■ **Instructions to follow**
When you reach the line containing "lcm01 j c) (at" in the entries below, begin reproducing lines exactly, and stop once the line containing "using c by auto" is done.
++++++
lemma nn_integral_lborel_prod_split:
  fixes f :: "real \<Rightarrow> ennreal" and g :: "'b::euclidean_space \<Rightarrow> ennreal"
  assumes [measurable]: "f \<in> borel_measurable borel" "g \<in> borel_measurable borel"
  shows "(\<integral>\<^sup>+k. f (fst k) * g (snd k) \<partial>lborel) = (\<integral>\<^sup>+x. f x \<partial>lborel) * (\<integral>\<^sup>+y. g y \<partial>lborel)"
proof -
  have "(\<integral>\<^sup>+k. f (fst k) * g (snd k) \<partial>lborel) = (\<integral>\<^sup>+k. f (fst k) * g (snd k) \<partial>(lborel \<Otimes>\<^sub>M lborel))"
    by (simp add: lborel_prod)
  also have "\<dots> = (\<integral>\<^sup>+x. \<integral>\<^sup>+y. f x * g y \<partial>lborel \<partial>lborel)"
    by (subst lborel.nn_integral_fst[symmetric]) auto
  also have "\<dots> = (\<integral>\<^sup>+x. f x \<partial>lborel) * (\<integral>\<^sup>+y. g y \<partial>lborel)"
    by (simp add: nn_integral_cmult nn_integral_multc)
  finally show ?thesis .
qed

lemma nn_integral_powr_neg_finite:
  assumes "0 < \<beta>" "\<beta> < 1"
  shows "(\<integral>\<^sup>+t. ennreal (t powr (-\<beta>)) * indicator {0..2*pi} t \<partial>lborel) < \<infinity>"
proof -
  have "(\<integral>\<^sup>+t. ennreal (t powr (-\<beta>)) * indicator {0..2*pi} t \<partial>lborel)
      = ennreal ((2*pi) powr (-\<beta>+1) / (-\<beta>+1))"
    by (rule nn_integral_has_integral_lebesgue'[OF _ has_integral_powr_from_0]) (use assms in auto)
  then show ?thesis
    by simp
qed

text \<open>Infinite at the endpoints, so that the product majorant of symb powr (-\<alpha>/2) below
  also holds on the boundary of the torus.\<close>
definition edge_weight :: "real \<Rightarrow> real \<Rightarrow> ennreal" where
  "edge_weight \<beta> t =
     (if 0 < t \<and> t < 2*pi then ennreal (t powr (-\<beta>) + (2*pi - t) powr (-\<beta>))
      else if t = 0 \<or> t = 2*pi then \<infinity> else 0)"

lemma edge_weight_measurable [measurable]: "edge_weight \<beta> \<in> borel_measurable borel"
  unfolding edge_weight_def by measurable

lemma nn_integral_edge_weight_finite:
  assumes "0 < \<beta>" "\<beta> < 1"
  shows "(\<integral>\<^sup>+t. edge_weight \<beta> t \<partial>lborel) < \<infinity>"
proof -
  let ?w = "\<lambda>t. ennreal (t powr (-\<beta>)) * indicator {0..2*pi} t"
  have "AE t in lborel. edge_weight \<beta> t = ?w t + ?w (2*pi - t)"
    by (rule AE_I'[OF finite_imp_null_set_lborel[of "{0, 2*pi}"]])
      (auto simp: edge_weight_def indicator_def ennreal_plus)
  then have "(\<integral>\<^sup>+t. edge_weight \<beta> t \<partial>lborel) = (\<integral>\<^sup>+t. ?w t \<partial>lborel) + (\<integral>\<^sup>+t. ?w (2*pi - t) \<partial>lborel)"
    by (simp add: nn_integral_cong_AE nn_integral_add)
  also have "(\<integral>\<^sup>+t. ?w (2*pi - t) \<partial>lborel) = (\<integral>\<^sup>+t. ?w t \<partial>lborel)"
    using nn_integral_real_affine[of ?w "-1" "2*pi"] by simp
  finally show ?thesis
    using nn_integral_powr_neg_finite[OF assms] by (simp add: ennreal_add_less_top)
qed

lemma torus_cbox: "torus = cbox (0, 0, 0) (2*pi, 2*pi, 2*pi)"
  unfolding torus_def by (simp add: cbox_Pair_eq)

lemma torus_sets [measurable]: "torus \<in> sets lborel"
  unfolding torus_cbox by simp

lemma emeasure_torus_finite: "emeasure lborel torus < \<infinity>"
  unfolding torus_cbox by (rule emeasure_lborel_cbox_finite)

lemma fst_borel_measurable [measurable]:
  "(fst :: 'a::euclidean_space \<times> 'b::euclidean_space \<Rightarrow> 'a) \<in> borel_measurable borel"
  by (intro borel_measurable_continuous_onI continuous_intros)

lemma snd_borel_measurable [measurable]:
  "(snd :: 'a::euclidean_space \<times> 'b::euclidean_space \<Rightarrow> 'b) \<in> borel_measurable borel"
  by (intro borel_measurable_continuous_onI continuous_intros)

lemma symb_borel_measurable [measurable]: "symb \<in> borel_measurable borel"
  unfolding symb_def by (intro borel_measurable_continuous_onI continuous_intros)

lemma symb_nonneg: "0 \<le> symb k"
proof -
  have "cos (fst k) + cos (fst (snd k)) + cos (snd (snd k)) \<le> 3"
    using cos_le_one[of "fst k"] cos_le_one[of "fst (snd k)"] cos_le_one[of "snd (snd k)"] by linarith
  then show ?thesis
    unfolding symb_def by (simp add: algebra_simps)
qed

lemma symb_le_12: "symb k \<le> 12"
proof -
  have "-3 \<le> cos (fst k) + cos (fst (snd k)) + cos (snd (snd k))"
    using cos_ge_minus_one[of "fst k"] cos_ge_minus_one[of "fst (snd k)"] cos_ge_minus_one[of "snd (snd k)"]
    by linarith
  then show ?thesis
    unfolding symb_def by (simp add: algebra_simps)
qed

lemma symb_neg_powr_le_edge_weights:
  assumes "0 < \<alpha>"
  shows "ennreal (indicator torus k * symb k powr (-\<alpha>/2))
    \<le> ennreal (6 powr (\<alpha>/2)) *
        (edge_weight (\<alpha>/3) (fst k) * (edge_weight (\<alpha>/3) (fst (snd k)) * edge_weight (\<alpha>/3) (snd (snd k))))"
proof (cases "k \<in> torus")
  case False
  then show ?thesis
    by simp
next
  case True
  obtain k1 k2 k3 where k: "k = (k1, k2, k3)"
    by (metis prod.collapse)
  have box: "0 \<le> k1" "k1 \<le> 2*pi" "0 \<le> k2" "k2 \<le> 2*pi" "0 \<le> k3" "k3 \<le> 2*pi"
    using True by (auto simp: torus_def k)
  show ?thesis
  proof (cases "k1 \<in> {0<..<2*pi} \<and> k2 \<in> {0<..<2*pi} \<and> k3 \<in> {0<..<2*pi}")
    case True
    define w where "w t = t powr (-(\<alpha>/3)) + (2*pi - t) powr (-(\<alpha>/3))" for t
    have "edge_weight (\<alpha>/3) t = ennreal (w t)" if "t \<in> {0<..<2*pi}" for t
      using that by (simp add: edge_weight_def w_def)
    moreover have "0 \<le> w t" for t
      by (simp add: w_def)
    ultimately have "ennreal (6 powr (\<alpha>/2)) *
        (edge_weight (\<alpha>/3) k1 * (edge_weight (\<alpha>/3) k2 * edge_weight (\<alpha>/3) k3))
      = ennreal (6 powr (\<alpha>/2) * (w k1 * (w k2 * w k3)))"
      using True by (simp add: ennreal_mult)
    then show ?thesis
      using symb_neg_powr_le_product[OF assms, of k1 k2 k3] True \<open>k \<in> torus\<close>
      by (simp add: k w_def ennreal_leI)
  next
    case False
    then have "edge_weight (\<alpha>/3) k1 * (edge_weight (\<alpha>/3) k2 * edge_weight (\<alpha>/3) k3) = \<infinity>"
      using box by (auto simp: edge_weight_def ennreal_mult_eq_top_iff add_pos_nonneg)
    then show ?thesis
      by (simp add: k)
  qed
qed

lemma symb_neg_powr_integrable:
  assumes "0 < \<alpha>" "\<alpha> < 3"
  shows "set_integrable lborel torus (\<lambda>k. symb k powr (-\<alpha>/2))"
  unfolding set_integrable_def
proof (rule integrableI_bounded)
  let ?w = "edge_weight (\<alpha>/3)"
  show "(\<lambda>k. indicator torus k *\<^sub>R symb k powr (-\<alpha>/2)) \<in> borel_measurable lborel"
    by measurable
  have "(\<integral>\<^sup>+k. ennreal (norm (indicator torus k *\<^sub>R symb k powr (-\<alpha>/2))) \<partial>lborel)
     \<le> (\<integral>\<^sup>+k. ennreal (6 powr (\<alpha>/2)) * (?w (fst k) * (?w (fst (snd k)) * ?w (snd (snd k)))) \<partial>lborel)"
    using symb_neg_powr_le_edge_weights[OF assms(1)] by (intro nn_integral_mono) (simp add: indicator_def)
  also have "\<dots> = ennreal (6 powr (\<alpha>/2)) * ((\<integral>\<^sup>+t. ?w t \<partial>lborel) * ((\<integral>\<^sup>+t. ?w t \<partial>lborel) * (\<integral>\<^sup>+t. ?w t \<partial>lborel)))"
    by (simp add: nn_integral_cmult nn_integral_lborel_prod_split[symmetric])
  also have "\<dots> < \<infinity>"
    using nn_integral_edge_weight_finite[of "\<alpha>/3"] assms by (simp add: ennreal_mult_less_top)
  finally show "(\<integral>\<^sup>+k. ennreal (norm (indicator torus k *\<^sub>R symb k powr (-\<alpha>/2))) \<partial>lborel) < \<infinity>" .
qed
++++++
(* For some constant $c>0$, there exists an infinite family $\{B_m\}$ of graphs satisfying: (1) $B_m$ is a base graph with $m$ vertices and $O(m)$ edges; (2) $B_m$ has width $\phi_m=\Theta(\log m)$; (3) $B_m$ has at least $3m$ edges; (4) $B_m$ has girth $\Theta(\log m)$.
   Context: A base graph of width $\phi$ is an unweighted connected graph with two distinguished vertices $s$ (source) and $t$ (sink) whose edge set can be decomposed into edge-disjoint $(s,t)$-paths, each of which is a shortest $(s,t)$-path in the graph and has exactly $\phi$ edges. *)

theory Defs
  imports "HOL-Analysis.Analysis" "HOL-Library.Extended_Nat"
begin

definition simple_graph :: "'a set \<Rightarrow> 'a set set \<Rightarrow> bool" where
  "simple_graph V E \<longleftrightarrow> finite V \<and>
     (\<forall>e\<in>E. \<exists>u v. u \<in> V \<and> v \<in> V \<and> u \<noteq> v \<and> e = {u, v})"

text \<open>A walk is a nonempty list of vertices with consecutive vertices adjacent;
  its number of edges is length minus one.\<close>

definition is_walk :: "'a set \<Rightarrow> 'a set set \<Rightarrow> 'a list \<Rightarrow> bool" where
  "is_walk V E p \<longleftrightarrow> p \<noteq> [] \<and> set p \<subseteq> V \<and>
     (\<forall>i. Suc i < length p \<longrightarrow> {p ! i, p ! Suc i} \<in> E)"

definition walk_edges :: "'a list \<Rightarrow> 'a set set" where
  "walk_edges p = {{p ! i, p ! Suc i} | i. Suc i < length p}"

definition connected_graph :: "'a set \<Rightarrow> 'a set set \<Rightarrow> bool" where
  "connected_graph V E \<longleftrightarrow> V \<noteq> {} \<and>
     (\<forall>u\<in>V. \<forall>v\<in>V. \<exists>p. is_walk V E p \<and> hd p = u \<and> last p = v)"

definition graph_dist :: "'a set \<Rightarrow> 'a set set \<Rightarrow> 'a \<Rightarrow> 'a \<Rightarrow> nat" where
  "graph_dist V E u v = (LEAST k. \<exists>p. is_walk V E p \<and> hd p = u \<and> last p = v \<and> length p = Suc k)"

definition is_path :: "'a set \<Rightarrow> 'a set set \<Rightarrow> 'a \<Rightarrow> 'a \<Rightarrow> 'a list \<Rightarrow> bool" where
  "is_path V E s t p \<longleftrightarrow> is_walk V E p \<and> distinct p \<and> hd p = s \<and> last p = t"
++++++
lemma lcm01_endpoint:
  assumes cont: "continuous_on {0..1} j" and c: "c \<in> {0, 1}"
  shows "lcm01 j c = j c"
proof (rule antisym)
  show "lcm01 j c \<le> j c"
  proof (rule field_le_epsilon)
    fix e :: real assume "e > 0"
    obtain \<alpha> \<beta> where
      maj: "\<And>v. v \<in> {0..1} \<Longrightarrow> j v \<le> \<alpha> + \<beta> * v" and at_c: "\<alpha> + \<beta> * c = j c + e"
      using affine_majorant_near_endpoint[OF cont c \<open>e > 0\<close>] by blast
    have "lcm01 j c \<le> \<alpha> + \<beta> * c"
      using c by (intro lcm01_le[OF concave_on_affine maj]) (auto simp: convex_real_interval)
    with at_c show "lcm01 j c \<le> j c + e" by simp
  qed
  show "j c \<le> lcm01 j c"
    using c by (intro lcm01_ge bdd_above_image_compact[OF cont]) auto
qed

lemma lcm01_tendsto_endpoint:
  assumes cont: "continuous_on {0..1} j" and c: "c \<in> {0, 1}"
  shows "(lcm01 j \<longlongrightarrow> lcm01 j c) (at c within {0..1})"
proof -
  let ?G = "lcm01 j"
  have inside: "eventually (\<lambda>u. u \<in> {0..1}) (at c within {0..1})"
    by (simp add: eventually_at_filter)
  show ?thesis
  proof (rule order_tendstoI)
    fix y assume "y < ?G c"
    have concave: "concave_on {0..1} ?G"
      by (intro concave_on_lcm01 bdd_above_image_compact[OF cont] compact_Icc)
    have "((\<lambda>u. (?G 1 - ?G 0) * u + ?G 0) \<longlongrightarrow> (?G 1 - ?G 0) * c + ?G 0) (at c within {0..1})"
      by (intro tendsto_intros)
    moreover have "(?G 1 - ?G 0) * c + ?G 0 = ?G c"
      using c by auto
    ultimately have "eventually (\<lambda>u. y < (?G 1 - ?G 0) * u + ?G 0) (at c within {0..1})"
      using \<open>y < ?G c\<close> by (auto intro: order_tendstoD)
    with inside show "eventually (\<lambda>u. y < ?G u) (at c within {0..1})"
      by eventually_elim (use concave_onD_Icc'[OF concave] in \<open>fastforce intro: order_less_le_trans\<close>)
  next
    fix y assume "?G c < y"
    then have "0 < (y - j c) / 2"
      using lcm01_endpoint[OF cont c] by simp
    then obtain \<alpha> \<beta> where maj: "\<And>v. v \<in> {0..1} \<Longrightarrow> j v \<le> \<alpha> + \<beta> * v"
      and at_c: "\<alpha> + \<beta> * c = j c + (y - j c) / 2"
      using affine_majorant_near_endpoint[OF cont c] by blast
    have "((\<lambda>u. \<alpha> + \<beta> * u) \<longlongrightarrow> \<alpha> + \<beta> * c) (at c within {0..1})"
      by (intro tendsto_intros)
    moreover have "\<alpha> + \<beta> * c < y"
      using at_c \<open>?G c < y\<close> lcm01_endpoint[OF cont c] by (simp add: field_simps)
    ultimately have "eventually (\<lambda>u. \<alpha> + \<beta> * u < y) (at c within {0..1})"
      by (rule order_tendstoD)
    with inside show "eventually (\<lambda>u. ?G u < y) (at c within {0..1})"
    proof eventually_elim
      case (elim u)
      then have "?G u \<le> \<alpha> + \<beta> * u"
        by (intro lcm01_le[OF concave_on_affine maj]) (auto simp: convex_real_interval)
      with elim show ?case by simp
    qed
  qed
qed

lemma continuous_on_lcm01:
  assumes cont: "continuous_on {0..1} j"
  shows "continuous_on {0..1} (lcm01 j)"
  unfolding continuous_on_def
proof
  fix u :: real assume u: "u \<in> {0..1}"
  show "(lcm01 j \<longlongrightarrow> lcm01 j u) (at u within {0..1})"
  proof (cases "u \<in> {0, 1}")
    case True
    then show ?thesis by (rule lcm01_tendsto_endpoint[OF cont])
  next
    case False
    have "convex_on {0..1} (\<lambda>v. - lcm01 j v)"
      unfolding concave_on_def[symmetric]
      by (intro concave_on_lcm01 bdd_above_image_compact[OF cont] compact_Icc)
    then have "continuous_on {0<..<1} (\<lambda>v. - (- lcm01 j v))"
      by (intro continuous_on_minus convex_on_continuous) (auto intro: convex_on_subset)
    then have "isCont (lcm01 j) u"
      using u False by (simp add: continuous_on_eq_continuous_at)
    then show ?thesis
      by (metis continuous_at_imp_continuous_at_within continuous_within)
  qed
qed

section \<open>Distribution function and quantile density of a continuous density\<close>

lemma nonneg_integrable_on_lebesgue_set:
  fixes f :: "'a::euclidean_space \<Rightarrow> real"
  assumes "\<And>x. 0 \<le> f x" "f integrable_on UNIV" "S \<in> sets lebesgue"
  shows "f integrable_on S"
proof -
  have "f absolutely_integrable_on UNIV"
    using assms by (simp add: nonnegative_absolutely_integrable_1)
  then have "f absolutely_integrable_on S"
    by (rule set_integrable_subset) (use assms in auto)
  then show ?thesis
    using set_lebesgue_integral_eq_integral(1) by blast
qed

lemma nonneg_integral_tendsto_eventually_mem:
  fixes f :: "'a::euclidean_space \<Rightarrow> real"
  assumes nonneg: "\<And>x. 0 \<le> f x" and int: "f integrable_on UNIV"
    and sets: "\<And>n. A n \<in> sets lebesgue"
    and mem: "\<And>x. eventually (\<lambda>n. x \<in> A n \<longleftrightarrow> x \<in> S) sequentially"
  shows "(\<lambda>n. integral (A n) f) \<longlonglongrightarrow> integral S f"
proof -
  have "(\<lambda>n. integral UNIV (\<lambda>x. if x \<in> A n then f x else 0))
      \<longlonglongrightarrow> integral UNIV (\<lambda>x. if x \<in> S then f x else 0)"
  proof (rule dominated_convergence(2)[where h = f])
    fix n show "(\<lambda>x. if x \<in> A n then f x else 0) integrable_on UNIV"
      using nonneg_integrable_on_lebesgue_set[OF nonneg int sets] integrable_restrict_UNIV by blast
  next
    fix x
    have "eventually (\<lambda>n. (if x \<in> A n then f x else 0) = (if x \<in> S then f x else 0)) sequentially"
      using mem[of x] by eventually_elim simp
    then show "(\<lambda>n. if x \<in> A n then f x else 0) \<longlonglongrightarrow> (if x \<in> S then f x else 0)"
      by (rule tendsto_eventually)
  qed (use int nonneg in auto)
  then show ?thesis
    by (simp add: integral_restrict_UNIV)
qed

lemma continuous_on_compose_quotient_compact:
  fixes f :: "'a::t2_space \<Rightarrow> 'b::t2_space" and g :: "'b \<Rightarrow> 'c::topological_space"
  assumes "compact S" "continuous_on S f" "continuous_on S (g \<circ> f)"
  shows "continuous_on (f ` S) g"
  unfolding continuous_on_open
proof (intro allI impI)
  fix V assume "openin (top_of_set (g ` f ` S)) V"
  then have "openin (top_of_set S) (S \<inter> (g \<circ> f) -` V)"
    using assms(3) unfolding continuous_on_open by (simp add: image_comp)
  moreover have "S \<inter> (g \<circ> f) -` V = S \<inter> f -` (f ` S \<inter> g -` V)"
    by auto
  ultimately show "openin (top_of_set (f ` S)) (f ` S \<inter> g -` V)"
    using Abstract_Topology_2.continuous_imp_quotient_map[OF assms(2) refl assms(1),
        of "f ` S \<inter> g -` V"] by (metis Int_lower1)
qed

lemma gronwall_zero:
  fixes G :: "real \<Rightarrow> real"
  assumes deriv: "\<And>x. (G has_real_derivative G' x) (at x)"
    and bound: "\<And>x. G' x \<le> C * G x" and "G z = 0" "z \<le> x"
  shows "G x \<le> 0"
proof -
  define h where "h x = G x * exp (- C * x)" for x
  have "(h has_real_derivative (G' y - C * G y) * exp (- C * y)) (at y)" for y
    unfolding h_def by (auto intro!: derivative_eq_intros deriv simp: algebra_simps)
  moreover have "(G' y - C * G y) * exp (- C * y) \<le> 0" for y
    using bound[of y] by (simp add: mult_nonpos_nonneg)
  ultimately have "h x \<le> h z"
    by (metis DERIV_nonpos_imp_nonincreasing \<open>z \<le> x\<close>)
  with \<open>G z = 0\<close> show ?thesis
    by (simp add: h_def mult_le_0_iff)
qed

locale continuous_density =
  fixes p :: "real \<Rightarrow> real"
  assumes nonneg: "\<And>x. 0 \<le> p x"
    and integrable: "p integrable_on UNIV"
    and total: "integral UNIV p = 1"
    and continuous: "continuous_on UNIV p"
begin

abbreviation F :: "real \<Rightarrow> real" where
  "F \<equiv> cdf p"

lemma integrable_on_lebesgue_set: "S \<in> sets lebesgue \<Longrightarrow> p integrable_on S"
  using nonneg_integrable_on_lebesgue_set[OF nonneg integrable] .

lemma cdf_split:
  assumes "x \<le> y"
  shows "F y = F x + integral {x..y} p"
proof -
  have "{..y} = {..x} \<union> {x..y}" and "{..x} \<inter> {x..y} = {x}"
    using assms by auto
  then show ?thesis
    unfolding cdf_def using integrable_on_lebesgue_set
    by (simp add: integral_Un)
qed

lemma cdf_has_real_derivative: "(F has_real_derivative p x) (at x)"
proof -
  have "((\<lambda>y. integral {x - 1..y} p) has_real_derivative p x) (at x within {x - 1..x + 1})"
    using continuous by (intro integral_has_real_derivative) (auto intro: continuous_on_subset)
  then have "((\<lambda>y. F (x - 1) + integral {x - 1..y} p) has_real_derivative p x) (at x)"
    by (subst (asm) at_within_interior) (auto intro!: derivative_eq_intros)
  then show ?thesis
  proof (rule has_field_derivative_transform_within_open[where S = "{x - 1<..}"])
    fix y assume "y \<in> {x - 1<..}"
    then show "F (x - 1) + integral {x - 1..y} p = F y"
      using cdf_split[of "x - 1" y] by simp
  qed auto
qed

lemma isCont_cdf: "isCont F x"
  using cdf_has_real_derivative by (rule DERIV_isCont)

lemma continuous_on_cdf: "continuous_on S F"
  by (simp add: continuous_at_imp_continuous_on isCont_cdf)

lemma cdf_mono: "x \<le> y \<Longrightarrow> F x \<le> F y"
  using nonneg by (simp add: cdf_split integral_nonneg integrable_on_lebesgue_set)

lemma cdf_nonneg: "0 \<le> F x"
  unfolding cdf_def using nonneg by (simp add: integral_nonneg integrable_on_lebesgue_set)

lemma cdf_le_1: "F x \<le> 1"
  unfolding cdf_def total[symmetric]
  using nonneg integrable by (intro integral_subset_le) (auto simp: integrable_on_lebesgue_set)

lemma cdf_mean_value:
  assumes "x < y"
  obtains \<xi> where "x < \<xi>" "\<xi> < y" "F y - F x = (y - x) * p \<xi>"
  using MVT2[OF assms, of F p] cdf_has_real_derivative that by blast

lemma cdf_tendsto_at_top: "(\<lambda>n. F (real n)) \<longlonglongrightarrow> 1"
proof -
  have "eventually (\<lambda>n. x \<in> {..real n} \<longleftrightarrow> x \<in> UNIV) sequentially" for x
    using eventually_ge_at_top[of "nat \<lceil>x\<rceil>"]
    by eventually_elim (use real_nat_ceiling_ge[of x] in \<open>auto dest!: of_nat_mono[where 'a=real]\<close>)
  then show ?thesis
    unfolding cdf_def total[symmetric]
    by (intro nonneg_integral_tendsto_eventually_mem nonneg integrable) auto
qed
++++++
■ **Written response**
  shows "(lcm01 j \<longlongrightarrow> lcm01 j c) (at c within {0..1})"
proof -
  let ?G = "lcm01 j"
  have inside: "eventually (\<lambda>u. u \<in> {0..1}) (at c within {0..1})"
    by (simp add: eventually_at_filter)
  show ?thesis
  proof (rule order_tendstoI)
    fix y assume "y < ?G c"
    have concave: "concave_on {0..1} ?G"
      by (intro concave_on_lcm01 bdd_above_image_compact[OF cont] compact_Icc)
    have "((\<lambda>u. (?G 1 - ?G 0) * u + ?G 0) \<longlongrightarrow> (?G 1 - ?G 0) * c + ?G 0) (at c within {0..1})"
      by (intro tendsto_intros)
    moreover have "(?G 1 - ?G 0) * c + ?G 0 = ?G c"
      using c by auto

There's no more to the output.